Problem statement: If a line in the listing includes the word "forall", copy it out.

↓

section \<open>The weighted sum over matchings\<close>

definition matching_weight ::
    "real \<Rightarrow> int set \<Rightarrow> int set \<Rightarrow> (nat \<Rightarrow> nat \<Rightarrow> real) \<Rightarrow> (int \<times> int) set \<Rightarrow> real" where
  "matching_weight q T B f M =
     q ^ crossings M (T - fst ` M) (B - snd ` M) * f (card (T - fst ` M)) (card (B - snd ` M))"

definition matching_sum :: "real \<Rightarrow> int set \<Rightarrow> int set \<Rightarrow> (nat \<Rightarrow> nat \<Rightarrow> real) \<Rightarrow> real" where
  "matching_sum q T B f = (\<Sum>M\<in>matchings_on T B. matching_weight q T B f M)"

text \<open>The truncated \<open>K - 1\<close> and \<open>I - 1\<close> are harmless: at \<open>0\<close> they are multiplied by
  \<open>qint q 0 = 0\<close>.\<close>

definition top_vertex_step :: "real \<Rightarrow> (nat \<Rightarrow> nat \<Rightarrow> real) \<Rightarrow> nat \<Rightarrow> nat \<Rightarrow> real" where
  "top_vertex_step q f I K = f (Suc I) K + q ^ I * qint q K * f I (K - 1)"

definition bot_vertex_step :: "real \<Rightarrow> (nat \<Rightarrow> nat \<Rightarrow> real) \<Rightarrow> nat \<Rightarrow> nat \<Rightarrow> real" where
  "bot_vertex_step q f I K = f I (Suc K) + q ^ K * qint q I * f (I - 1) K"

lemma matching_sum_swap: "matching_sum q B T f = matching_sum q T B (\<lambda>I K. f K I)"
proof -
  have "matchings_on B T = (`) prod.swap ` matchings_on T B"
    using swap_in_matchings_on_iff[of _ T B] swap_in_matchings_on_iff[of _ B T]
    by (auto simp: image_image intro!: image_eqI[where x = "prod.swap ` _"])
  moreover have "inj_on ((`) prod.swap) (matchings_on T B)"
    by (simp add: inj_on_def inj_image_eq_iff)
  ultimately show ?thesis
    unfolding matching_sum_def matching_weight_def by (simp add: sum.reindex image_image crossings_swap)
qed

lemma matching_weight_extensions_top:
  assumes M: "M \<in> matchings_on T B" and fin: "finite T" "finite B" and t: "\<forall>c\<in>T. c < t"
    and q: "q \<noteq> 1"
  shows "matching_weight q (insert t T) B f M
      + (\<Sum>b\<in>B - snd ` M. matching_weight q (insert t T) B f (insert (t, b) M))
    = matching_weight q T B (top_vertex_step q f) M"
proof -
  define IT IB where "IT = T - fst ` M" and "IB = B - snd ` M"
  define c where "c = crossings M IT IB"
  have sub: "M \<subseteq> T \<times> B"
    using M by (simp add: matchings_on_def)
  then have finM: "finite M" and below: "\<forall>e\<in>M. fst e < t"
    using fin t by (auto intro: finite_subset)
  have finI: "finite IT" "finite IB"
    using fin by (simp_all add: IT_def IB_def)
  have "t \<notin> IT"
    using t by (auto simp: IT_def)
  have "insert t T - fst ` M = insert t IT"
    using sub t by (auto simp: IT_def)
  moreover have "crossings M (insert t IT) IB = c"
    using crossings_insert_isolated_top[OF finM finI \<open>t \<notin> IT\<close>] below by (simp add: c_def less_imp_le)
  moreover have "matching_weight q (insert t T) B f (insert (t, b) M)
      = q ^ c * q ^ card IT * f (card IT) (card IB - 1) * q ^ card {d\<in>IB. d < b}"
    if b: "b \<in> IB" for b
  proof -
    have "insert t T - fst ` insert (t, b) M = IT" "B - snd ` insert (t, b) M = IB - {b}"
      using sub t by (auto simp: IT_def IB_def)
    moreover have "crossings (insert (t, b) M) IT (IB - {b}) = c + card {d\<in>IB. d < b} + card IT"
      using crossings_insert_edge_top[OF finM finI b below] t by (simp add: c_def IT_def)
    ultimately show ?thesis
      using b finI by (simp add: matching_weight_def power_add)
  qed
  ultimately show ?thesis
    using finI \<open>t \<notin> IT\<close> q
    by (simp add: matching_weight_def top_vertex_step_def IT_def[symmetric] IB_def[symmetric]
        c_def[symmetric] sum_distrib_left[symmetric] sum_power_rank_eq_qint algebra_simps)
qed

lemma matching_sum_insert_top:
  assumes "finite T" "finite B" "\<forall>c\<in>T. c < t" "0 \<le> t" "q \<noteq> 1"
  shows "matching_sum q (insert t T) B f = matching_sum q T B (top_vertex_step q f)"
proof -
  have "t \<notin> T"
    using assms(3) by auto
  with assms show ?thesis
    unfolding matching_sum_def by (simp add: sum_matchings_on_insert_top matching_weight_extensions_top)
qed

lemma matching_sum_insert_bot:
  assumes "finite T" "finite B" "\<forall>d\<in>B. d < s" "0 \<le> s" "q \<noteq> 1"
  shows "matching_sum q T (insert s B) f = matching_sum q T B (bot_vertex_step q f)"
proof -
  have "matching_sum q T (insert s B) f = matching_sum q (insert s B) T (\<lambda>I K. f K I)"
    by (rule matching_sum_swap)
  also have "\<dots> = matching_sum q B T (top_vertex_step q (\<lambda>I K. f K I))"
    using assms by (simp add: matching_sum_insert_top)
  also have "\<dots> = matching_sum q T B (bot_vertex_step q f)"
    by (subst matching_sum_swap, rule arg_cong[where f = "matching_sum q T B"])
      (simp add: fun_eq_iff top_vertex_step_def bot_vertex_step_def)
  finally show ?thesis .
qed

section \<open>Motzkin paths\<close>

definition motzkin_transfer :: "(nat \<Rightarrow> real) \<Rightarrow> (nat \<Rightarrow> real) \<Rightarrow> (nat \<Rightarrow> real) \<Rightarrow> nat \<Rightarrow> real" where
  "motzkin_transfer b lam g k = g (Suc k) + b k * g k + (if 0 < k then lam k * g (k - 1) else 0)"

↑
↓

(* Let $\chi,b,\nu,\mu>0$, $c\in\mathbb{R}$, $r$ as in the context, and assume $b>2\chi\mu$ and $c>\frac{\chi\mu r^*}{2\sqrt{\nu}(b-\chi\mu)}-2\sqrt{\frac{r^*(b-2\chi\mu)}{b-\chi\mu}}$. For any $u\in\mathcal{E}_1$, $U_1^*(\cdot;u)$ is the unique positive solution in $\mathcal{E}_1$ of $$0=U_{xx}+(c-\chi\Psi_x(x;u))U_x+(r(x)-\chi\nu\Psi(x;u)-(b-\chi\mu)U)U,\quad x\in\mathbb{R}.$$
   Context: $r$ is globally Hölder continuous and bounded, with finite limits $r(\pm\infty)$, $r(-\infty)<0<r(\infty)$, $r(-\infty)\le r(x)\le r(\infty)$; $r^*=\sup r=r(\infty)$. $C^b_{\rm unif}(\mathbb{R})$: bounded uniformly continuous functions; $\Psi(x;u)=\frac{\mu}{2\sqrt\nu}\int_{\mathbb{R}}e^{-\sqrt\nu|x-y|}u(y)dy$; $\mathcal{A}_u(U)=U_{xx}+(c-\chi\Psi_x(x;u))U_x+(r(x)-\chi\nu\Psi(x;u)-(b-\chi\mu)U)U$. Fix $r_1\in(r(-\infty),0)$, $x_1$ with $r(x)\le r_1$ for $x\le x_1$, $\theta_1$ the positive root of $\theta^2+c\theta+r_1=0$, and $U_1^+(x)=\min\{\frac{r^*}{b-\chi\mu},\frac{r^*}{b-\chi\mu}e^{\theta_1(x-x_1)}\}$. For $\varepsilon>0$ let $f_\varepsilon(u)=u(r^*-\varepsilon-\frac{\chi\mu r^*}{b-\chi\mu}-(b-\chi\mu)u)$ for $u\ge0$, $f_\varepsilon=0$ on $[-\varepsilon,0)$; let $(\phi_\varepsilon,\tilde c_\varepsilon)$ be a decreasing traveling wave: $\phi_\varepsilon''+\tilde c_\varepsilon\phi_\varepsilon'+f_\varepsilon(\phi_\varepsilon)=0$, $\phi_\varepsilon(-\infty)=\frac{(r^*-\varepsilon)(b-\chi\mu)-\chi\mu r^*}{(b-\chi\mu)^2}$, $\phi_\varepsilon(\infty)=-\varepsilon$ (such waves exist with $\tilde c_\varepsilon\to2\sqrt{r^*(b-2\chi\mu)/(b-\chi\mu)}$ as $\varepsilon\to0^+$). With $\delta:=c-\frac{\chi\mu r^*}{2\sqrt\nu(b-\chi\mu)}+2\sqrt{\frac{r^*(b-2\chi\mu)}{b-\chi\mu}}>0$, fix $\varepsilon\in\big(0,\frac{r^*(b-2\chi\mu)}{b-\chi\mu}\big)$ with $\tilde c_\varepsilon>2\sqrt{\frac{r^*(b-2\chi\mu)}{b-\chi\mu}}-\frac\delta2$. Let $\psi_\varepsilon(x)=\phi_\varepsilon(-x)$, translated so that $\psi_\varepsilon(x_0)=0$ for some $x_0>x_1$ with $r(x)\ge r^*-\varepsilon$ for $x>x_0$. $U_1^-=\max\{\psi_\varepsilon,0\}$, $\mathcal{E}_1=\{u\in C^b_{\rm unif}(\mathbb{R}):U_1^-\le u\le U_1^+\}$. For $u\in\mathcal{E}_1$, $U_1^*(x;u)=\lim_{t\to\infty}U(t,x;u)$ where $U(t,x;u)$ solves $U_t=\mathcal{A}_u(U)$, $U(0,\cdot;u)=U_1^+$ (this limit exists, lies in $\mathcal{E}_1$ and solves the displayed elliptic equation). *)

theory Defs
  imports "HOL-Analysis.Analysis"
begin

↑
↓

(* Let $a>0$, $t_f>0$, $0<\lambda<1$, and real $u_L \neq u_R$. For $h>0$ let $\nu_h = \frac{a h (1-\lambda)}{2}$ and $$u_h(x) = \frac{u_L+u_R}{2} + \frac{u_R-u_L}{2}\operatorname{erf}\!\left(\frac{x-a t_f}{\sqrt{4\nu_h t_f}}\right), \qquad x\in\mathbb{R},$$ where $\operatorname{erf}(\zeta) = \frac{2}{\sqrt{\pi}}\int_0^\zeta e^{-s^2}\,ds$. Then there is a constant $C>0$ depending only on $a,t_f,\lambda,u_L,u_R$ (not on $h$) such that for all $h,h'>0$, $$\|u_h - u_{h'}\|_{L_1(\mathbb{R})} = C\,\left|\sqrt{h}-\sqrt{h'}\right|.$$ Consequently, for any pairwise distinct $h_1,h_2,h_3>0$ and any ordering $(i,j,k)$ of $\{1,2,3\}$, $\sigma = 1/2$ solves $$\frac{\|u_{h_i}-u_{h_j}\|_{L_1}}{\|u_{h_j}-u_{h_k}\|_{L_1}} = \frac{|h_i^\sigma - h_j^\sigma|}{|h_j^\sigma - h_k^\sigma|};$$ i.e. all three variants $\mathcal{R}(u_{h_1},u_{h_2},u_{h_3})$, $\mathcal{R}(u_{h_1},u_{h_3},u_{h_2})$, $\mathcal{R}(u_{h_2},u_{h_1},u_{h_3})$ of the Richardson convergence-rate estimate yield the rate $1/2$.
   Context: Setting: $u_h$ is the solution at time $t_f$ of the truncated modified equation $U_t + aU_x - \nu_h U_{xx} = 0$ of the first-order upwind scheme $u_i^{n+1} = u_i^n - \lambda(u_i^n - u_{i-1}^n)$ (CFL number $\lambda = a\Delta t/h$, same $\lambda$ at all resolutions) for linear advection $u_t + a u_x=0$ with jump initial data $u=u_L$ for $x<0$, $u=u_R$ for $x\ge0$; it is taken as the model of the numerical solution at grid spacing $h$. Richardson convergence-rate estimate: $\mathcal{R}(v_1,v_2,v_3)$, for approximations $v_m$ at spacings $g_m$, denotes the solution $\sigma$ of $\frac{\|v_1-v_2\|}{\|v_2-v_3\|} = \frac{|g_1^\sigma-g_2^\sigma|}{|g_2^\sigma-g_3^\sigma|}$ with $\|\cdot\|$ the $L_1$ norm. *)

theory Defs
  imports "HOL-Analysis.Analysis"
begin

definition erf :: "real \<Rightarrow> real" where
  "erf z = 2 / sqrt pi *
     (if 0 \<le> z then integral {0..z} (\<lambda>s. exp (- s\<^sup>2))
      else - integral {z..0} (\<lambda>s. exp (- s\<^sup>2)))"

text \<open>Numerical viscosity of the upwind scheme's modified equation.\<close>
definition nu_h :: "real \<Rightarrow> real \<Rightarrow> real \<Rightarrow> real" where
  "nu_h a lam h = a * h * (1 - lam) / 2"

↑

Result of this exercise:
  assumes M: "M \<in> matchings_on T B" and fin: "finite T" "finite B" and t: "\<forall>c\<in>T. c < t"
  then have finM: "finite M" and below: "\<forall>e\<in>M. fst e < t"
  assumes "finite T" "finite B" "\<forall>c\<in>T. c < t" "0 \<le> t" "q \<noteq> 1"
  assumes "finite T" "finite B" "\<forall>d\<in>B. d < s" "0 \<le> s" "q \<noteq> 1"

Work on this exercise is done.